French film director and screenwriter (born 1971)

Rémi Bezançon (born 25 March 1971) is a French director and screenwriter.

==Biography==
Rémi Bezançon grew up in Paris. Among other schools, he attended Lycée Montaigne (Paris) in the 6th arrondissement.

He studied at the École Supérieure de Réalisation Audiovisuelle (ESRA) in Paris and at the École du Louvre.

In 2005, his first feature film, Ma vie en l'air, was released. He achieved critical and commercial success in 2008 with Le Premier Jour du reste de ta vie. The film received nine César Awards nominations.

In 2011, he directed Un heureux événement, adapted from the novel by Éliette Abécassis, starring Louise Bourgoin, Pio Marmaï, and Josiane Balasko. The film's score, like that of his previous films, was composed by Sinclair (singer).

The following year, he released his first foray into animated film, the children's animal tale Zarafa (film), co-directed with Jean-Christophe Lie.

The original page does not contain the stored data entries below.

text \<open>For symmetric \<open>Q\<close> and antisymmetric \<open>D\<close>, \<open>(Q\<^sup>-\<^sup>1D)\<^sup>2\<close> is the
  scalar \<open>-(d\<^sup>2 / det Q)\<close>.\<close>

lemma AI_2x2:
  fixes Q D :: "complex^2^2" and a b c d :: real
  assumes Q: "Q$1$1 = of_real a" "Q$1$2 = of_real b" "Q$2$1 = of_real b" "Q$2$2 = of_real c"
    and D: "D$1$1 = 0" "D$2$2 = 0" "D$2$1 = of_real d" "D$1$2 = - of_real d"
    and pos: "a * c - b\<^sup>2 > 0"
  shows "complex_of_real (AI Q D) = csqrt (det D / det Q)"
proof -
  define \<Delta> where "\<Delta> = a * c - b\<^sup>2"
  have "\<Delta> > 0"
    using pos by (simp add: \<Delta>_def)
  have \<Delta>: "a * c = \<Delta> + b * b" "c * a = \<Delta> + b * b" "a * (c * w) = \<Delta> * w + b * (b * w)" for w
    by (simp_all add: \<Delta>_def power2_eq_square algebra_simps)
  define Qi :: "complex^2^2" where "Qi = (\<chi> i j. if i = 1 \<and> j = 1 then of_real (c / \<Delta>)
      else if i = 2 \<and> j = 2 then of_real (a / \<Delta>) else of_real (- b / \<Delta>))"
  have Qi: "Qi$1$1 = of_real (c / \<Delta>)" "Qi$1$2 = of_real (- b / \<Delta>)" "Qi$2$1 = of_real (- b / \<Delta>)"
      "Qi$2$2 = of_real (a / \<Delta>)"
    by (simp_all add: Qi_def)
  have "Q ** Qi = mat 1" "Qi ** Q = mat 1"
    using \<open>\<Delta> > 0\<close> by (simp_all add: vec_eq_iff forall_2 matrix_matrix_mult_def sum_2 Q Qi mat_def
        field_simps \<Delta> flip: of_real_mult of_real_add of_real_diff)
  then have inv: "matrix_inv Q = Qi"
    by (rule matrix_inv_eqI)
  define M where "M = Qi ** D"
  have M: "M$1$1 = of_real (- b * d / \<Delta>)" "M$1$2 = of_real (- c * d / \<Delta>)"
      "M$2$1 = of_real (a * d / \<Delta>)" "M$2$2 = of_real (b * d / \<Delta>)"
    by (simp_all add: M_def matrix_matrix_mult_def sum_2 Qi D)
  define r where "r = sqrt (d\<^sup>2 / \<Delta>)"
  have MM: "M ** M = mat (- of_real (r\<^sup>2))"
    using \<open>\<Delta> > 0\<close> by (simp add: r_def vec_eq_iff forall_2 matrix_matrix_mult_def sum_2 M mat_def
        field_simps \<Delta> power2_eq_square flip: of_real_mult of_real_add of_real_diff of_real_minus)
  have "cmod \<mu> = r" if "is_eigenvalue M \<mu>" for \<mu>
    by (rule eigenvalue_cmod_of_square_scalar[OF MM _ that]) (use \<open>\<Delta> > 0\<close> in \<open>simp add: r_def\<close>)
  moreover have "is_eigenvalue M (\<i> * of_real (d / sqrt \<Delta>))"
  proof -
    define v :: "complex^2" where "v = vector [of_real c, - of_real b - \<i> * of_real (sqrt \<Delta>)]"
    have "v \<noteq> 0"
      using \<open>\<Delta> > 0\<close> by (auto simp: v_def vec_eq_iff forall_2 complex_eq_iff \<Delta>_def)
    moreover have "M *v v = (\<i> * of_real (d / sqrt \<Delta>)) *s v"
      using \<open>\<Delta> > 0\<close> by (simp add: vec_eq_iff forall_2 matrix_vector_mult_def sum_2 M v_def field_simps
          complex_eq_iff \<Delta> power2_eq_square)
    ultimately show ?thesis
      unfolding is_eigenvalue_def by blast
  qed
  moreover have "cmod (\<i> * of_real (d / sqrt \<Delta>)) = r"
    using \<open>\<Delta> > 0\<close> by (simp add: r_def norm_mult norm_divide real_sqrt_divide real_sqrt_abs)
  ultimately have "{cmod \<mu> | \<mu>. is_eigenvalue M \<mu>} = {r}"
    by blast
  then have "AI Q D = r"
    by (simp add: AI_def inv flip: M_def)
  moreover have "det D / det Q = of_real (d\<^sup>2 / \<Delta>)"
    by (simp add: det_2 Q D \<Delta>_def power2_eq_square)
  ultimately show ?thesis
    using \<open>\<Delta> > 0\<close> by (simp add: r_def csqrt_of_real \<Delta>_def)
qed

In late summer 2015, Our Futures, his fifth film, was released, marking his return to live-action filmmaking as well as his third collaboration with Pio Marmaï.

For his sixth film, the writer-director has thus completely broken away from his usual style. Together with Vanessa Portal, he adapted a novel by David Foenkinos. The Mystery of Henri Pick, released in March 2019, features Fabrice Luchini and Camille Cottin in the lead roles.

His seventh film, Un coup de maître, starring Vincent Macaigne and Bouli Lanners, was released on August 9, 2023. For this remake of the Argentine film of the same name, Bouli Lanners was nominated for Best Actor at the 2024 Magritte Awards.